Chris Padilla/Blog / Tech

Building a Message Board with User Authentication in Express

Secret Poets Society Preview

Secret Poets Society

Github | View app in browser

The Secret Poets Society is a club of artists sharing work purely for arts sake. Not for fame or glory! As part of the practice, the authors names are unlisted to visitors.

The site has three tiers of membership - guest, member, and admin.

  • GUESTS can sign up and login to post their own poems, joining in the art for art's sake movement.
  • MEMBERS have the added privilege of seeing which of their colleauges posted which poem and on what date.
  • ADMINS can see what members see and also have the ability to delete any poem they see fit.

Tech used:

  • NodeJS
  • Express
  • MongoDB & Mongoose
  • Passport
  • Handlebars.js
  • Custom CSS

MVC Design Pattern

This Node application follows the Model-View-Controller approach to design. Files are organized into their roles within the system. The Mongoose ORM serves as the data model, Handlebars.js is used for templating views, and Express routes and middleware serve as the controllers. Controllers are the bulk of this application, handling data validation, sanitization, and user authentication.
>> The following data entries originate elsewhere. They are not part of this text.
text \<open>The lower bound comes from the minimum of \<open>N\<close> on the compact Euclidean unit sphere.\<close>
lemma norm_le_is_norm:
  fixes N :: "'a::euclidean_space \<Rightarrow> real"
  assumes n: "is_norm N"
  obtains m where "0 < m" and "\<And>x. m * norm x \<le> N x"
proof -
  obtain e :: 'a where "e \<in> Basis" using nonempty_Basis by blast
  then have "sphere (0::'a) 1 \<noteq> {}" by (auto intro!: exI[of _ e])
  then obtain x0 where x0: "x0 \<in> sphere 0 1" "\<And>y. y \<in> sphere 0 1 \<Longrightarrow> N x0 \<le> N y"
    using continuous_attains_inf[OF compact_sphere _ is_norm_continuous_on[OF n]] by blast
  have "N x0 * norm x \<le> N x" for x
  proof (cases "x = 0")
    case False
    then have "N x0 \<le> N (inverse (norm x) *\<^sub>R x)" using x0(2) by simp
    with False show ?thesis by (simp add: is_norm_scaleR[OF n] field_simps)
  qed (simp add: is_norm_zero[OF n])
  moreover have "0 < N x0" using x0(1) by (intro is_norm_pos[OF n]) auto
  ultimately show ?thesis using that by blast
qed

lemma is_norm_unit_ball_bounded:
  fixes N :: "'a::euclidean_space \<Rightarrow> real"
  assumes n: "is_norm N"
  obtains R where "0 \<le> R" and "\<And>x. N x \<le> 1 \<Longrightarrow> norm x \<le> R"
proof -
  obtain m where m: "0 < m" "\<And>x. m * norm x \<le> N x" using norm_le_is_norm[OF n] by blast
  have "norm x \<le> 1 / m" if "N x \<le> 1" for x
    using m(2)[of x] m(1) that by (simp add: field_simps)
  with m(1) show ?thesis using that[of "1 / m"] by simp
qed

lemma is_norm_linear_bound:
  fixes N :: "'a::euclidean_space \<Rightarrow> real" and M :: "'b::euclidean_space \<Rightarrow> real"
  assumes n: "is_norm N" and m: "is_norm M" and lin: "linear L"
  shows "M (L h) \<le> Sup {M (L h) | h. N h \<le> 1} * N h"
    and "0 \<le> Sup {M (L h) | h. N h \<le> 1}"
proof -
  let ?S = "Sup {M (L h) | h. N h \<le> 1}"
  obtain R where R: "0 \<le> R" "\<And>x. N x \<le> 1 \<Longrightarrow> norm x \<le> R"
    using is_norm_unit_ball_bounded[OF n] by blast
  obtain K where K: "0 \<le> K" "\<And>y. M y \<le> K * norm y" using is_norm_le_norm[OF m] by blast
  obtain KL where KL: "0 < KL" "\<And>x. norm (L x) \<le> norm x * KL"
    using bounded_linear.pos_bounded[of L] lin by (auto simp: linear_conv_bounded_linear)
  have "M (L h) \<le> K * (R * KL)" if "N h \<le> 1" for h
  proof -
    have "norm (L h) \<le> R * KL"
      using KL(1) KL(2)[of h] R(2)[OF that] by (meson less_imp_le mult_right_mono order_trans)
    then show ?thesis using K by (meson mult_left_mono order_trans)
  qed
  then have bdd: "bdd_above {M (L h) | h. N h \<le> 1}" by (auto simp: bdd_above_def)
  have up: "M (L h) \<le> ?S" if "N h \<le> 1" for h
    by (rule cSup_upper[OF _ bdd]) (use that in blast)
  show "0 \<le> ?S"
    using up[of 0] is_norm_zero[OF n] is_norm_zero[OF m] linear_0[OF lin] by simp
  show "M (L h) \<le> ?S * N h"
  proof (cases "h = 0")
    case False
    then have hp: "0 < N h" by (rule is_norm_pos[OF n])
    have "M (L (inverse (N h) *\<^sub>R h)) \<le> ?S"
      using hp by (intro up) (simp add: is_norm_scaleR[OF n])
    with hp show ?thesis by (simp add: linear_scale[OF lin] is_norm_scaleR[OF m] field_simps)
  qed (simp add: is_norm_zero[OF n] is_norm_zero[OF m] linear_0[OF lin])
qed

lemma multilin_cong: "multilin i b \<Longrightarrow> (\<And>k. k < i \<Longrightarrow> xs k = ys k) \<Longrightarrow> b xs = b ys"
  unfolding multilin_def by blast

lemma multilin_add:
  "multilin i b \<Longrightarrow> k < i \<Longrightarrow> b (xs(k := u + v)) = b (xs(k := u)) + b (xs(k := v))"
  unfolding multilin_def by blast

lemma multilin_scaleR: "multilin i b \<Longrightarrow> k < i \<Longrightarrow> b (xs(k := c *\<^sub>R u)) = c *\<^sub>R b (xs(k := u))"
  unfolding multilin_def by blast

lemma multilin_linear_arg: "multilin i b \<Longrightarrow> k < i \<Longrightarrow> linear (\<lambda>u. b (xs(k := u)))"
  by (rule linearI) (simp_all add: multilin_add multilin_scaleR)

lemma multilin_zero_arg:
  assumes ml: "multilin i b" and "k < i" and "xs k = 0"
  shows "b xs = 0"
  using multilin_scaleR[OF ml \<open>k < i\<close>, of xs 0 0] \<open>xs k = 0\<close> by (simp add: fun_upd_idem)

lemma multilin_scaleR_prefix:
  assumes ml: "multilin i b"
  shows "j \<le> i \<Longrightarrow> b (\<lambda>k. if k < j then c k *\<^sub>R xs k else xs k) = (\<Prod>k<j. c k) *\<^sub>R b xs"
proof (induction j)
  case (Suc j)
  let ?ys = "\<lambda>k. if k < j then c k *\<^sub>R xs k else xs k"
  have "(\<lambda>k. if k < Suc j then c k *\<^sub>R xs k else xs k) = ?ys(j := c j *\<^sub>R xs j)"
    by auto
  moreover have "?ys(j := xs j) = ?ys" by auto
  ultimately show ?case
    using multilin_scaleR[OF ml, of j ?ys "c j" "xs j"] Suc by (simp add: mult.commute)
qed simp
To handle authorization, the Passport package is used to coordinate login. Express Sessions are then used to maintain the user’s account session with the server. User data is stored in MongoDB, including encrypted login information and their membership tier. If a user is accessing a protected route, a specific controller is accessed. With the controller functions, the logged in user’s membership tier is checked against the permissions required for a given request. If they do not have the correct authorization, the user receives an error message rendered by the application. Otherwise, they are granted access.
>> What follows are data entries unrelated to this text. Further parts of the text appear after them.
(* Let $q=p^e$ with $p$ a prime and $e\ge1$, let $r\ge2$, $m=2r$, $D=\{x\in\mathbb{F}_{q^m}:\mathrm{Tr}_{q^r/q}(x^{q^r+1})=0\}=\{d_1,\dots,d_n\}$ with $n=q^{r-1}(q^r-q+1)$, and let $\alpha$ be a generator of $\mathbb{F}_{q^m}^*$. Let $G_1$ be the $(m+1)\times n$ matrix whose first row is $(1,\dots,1)$, whose second row is $(\mathrm{Tr}_{q^m/q}(d_j))_{j}$, whose third row is $(\mathrm{Tr}_{q^m/q}(\alpha d_j)+1)_j$, and whose $(i+2)$-th row for $2\le i\le m-1$ is $(\mathrm{Tr}_{q^m/q}(\alpha^i d_j))_j$. Let $G_1'=[I_{m+1}:G_1]$. If $p\nmid r$, then the linear code generated by $G_1'$ has parameters $[n+m+1,\ m+1,\ q^{r-1}(q^r-q^{r-1}-q+1)+1]$.
   Context: $\mathrm{Tr}_{q^k/q}$ is the trace map from $\mathbb{F}_{q^k}$ to $\mathbb{F}_q$; $I_{m+1}$ is the identity matrix of size $m+1$. *)

theory Defs
  imports Main "HOL-Computational_Algebra.Primes"
begin

definition trace :: "nat \<Rightarrow> nat \<Rightarrow> 'a::field \<Rightarrow> 'a" where
  "trace q k x = (\<Sum>i<k. x ^ (q ^ i))"

definition subfield_q :: "nat \<Rightarrow> 'a::field set" where
  "subfield_q q = {x. x ^ q = x}"

definition mult_generator :: "'a::field \<Rightarrow> bool" where
  "mult_generator \<alpha> \<longleftrightarrow> \<alpha> \<noteq> 0 \<and> (\<forall>x. x \<noteq> 0 \<longrightarrow> (\<exists>k::nat. \<alpha> ^ k = x))"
Data Security & Sanitization

My greatest area of learning through this application was Security and sanitization. Incoming data has the potential to be incorrect or, worse, malicious. The Express Validator package is used to clean the data of any malicious code. Another method with the Validator package ensures the inputs match the expected types and provide the required fields.
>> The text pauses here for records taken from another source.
text \<open>Descartes configurations reachable from q by (reordering and) replacing one disk by the
  other disk completing the remaining tricycle, i.e. inscribing disks into the gaps.\<close>
inductive_set apoll_configs ::
  "gdisk \<times> gdisk \<times> gdisk \<times> gdisk \<Rightarrow> (gdisk \<times> gdisk \<times> gdisk \<times> gdisk) set" for q where
  start: "q \<in> apoll_configs q"
| swap: "(A, B, C, D) \<in> apoll_configs q \<Longrightarrow> (B, A, C, D) \<in> apoll_configs q"
| rot: "(A, B, C, D) \<in> apoll_configs q \<Longrightarrow> (B, C, D, A) \<in> apoll_configs q"
| flip: "(A, B, C, D) \<in> apoll_configs q \<Longrightarrow> descartes A B C E \<Longrightarrow> E \<noteq> D
          \<Longrightarrow> (A, B, C, E) \<in> apoll_configs q"

definition apollonian_packing :: "gdisk \<times> gdisk \<times> gdisk \<times> gdisk \<Rightarrow> gdisk set" where
  "apollonian_packing q = {X. \<exists>A B C D. (A, B, C, D) \<in> apoll_configs q \<and> X \<in> {A, B, C, D}}"

definition integral_packing :: "gdisk set \<Rightarrow> bool" where
  "integral_packing P \<longleftrightarrow> (\<forall>X\<in>P. curv X \<in> \<int>)"

fun vcross :: "int \<times> int \<Rightarrow> int \<times> int \<Rightarrow> int" where
  "vcross (x, y) (x', y') = x * y' - x' * y"

fun vdot :: "int \<times> int \<Rightarrow> int \<times> int \<Rightarrow> int" where
  "vdot (x, y) (x', y') = x * x' + y * y'"

definition vnorm2 :: "int \<times> int \<Rightarrow> int" where
  "vnorm2 v = vdot v v"

fun vlin :: "int \<Rightarrow> int \<Rightarrow> int \<times> int \<Rightarrow> int \<times> int \<Rightarrow> int \<times> int" where
  "vlin \<alpha> \<beta> (x, y) (x', y') = (\<alpha> * x + \<beta> * x', \<alpha> * y + \<beta> * y')"

fun vcomplex :: "int \<times> int \<Rightarrow> complex" where
  "vcomplex (x, y) = Complex (of_int x) (of_int y)"

end

theory Submission
  imports Defs
begin

text \<open>
  A disk is encoded by its augmented curvature-centre coordinates, in which tangency of two
  disks reads as Lorentz product \<open>-1\<close>. Hence the two disks completing a tricycle to a
  Descartes configuration are reflections of each other, their curvatures add up to
  \<open>2 (b\<^sub>1 + b\<^sub>2 + b\<^sub>3)\<close>, and integrality propagates through the
  whole packing.

  For the construction put the major disk at the origin with curvature \<open>-B\<close>,
  \<open>B = |a \<times> b|\<close>, and attach to every spinor \<open>s\<close> the disk of curvature
  \<open>B + |s|\<^sup>2\<close> whose spinor relative to the major disk is \<open>s\<close>. Two such disks
  touch as soon as \<open>|Im (conj s * t)| = B\<close>, i.e. whenever their integer coordinates with
  respect to \<open>a, b\<close> form a unimodular pair. An Apollonian flip at the major disk replaces a
  unimodular pair \<open>(v, w)\<close> by \<open>(v, w \<plusminus> v)\<close>, so Euclid's algorithm
  reaches every primitive vector \<open>\<alpha> a + \<beta> b\<close> from the seed \<open>a, b, a + b\<close>.
\<close>

section \<open>Touching disks\<close>

lemma tangent_sym: "tangent D E \<longleftrightarrow> tangent E D"
  unfolding tangent_def by (auto simp: Int_commute)

lemma tangent_wf_disk: "tangent D E \<Longrightarrow> wf_disk D \<and> wf_disk E"
  by (simp add: tangent_def)

lemma ball_subset_interior_disk_set: "r > 0 \<Longrightarrow> ball c r \<subseteq> interior (disk_set (Circ c r))"
  by simp

lemma exterior_subset_interior_disk_set:
  assumes "r < 0"
  shows "{z. - r < dist z c} \<subseteq> interior (disk_set (Circ c r))"
proof -
  have "{z. - r < dist z c} = - cball c (- r)" by (auto simp: dist_commute)
  then show ?thesis
    using assms by (intro interior_maximal) (auto simp: dist_commute)
qed

lemma disk_set_HPlane_inner: "disk_set (HPlane u t) = {z. inner u z \<le> t}"
  by (simp add: inner_complex_def)

lemma open_halfspace_subset_interior_disk_set:
  "{z. inner u z < t} \<subseteq> interior (disk_set (HPlane u t))"
  unfolding disk_set_HPlane_inner by (intro interior_maximal) (auto simp: open_halfspace_lt)

lemma dist_weighted_point:
  fixes c c' :: "'a::real_normed_vector"
  assumes "r \<ge> 0" "r' \<ge> 0" "r + r' > 0"
  defines "p \<equiv> c + (r / (r + r')) *\<^sub>R (c' - c)"
  shows "dist p c = r / (r + r') * dist c c'"
    and "dist p c' = r' / (r + r') * dist c c'"
proof -
  show "dist p c = r / (r + r') * dist c c'"
    using assms by (simp add: p_def dist_norm norm_minus_commute)
  have "p - c' = (1 - r / (r + r')) *\<^sub>R (c - c')"
    by (simp add: p_def algebra_simps)
  also have "1 - r / (r + r') = r' / (r + r')"
    using assms by (simp add: field_simps)
  finally show "dist p c' = r' / (r + r') * dist c c'"
    using assms by (simp add: dist_norm)
qed

lemma touching_balls_dist:
  fixes c c' z :: "'a::real_normed_vector"
  assumes r: "r > 0" "r' > 0" and disj: "ball c r \<inter> ball c' r' = {}"
    and z: "dist z c \<le> r" "dist z c' \<le> r'"
  shows "dist c c' = r + r'"
proof -
  have "dist c c' \<le> r + r'"
    using dist_triangle[of c c' z] z by (simp add: dist_commute)
  moreover have "\<not> dist c c' < r + r'"
  proof
    assume close: "dist c c' < r + r'"
    have "r / (r + r') * dist c c' < r" "r' / (r + r') * dist c c' < r'"
      using mult_strict_left_mono[OF close r(1)] mult_strict_left_mono[OF close r(2)] r
      by (simp_all add: field_simps distrib_left)
    then have "c + (r / (r + r')) *\<^sub>R (c' - c) \<in> ball c r \<inter> ball c' r'"
      using dist_weighted_point[of r r' c c'] r by (simp add: dist_commute)
    then show False using disj by auto
  qed
  ultimately show ?thesis by linarith
qed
A special case is user login data, where the password needs an extra layer of security. A custom implementation of passport brings in BCrypt, a library for string encryption, to securely save a hashed password and decrypt it when the user is attempting to log in. This ensures if the network request is intercepted or if the database is accessed outside the application, critical data is not exposed.


While it was a pleasure using a new UI library, I quickly discovered that Handlebars.js has it’s limitations. The library can handle a fair amount of conditional rendering. But, as the application grew more complex, I found myself trying to make views reusable through logic that Handlebars didn’t support. For example, sharing form elements from the login page and the account creation page. This comes from my experience of working heavily in React, a library that makes breaking a page into components accessible and flexible.

The solution was to approach views from a page level, allowing there to be separate pages to share a fair amount of layout formatting, but to make the small tweaks necessary to better suit a page’s needs. Working with handlebars, it was still possible to utilize conditional rendering of items, such as the authors of the poems, while still allowing the server to perform the heavy lifting of logic.

Hosting on AWS

This project is hosted on AWS through Elastic Beanstalk and updated with the Code Pipeline CI tool. You can read more about how I configured the project for AWS in my article Hosting a Node Express App on AWS Elastic Beanstalk.

Next Steps

Much of what I learned in this project transitioned into a later application, Mystery-Cowboy-Theater. Another Node application, I took the pains I felt while using Handlebars’ page approach and switched over to React to break down the UI into components. Authorization was carried over into that project as well, this time using JWT’s to pass user data between the client and API.

Poem Credits

Authors are viewable by members. Major poets include Shel Silverstein, Walt Whitman, and Robert Frost.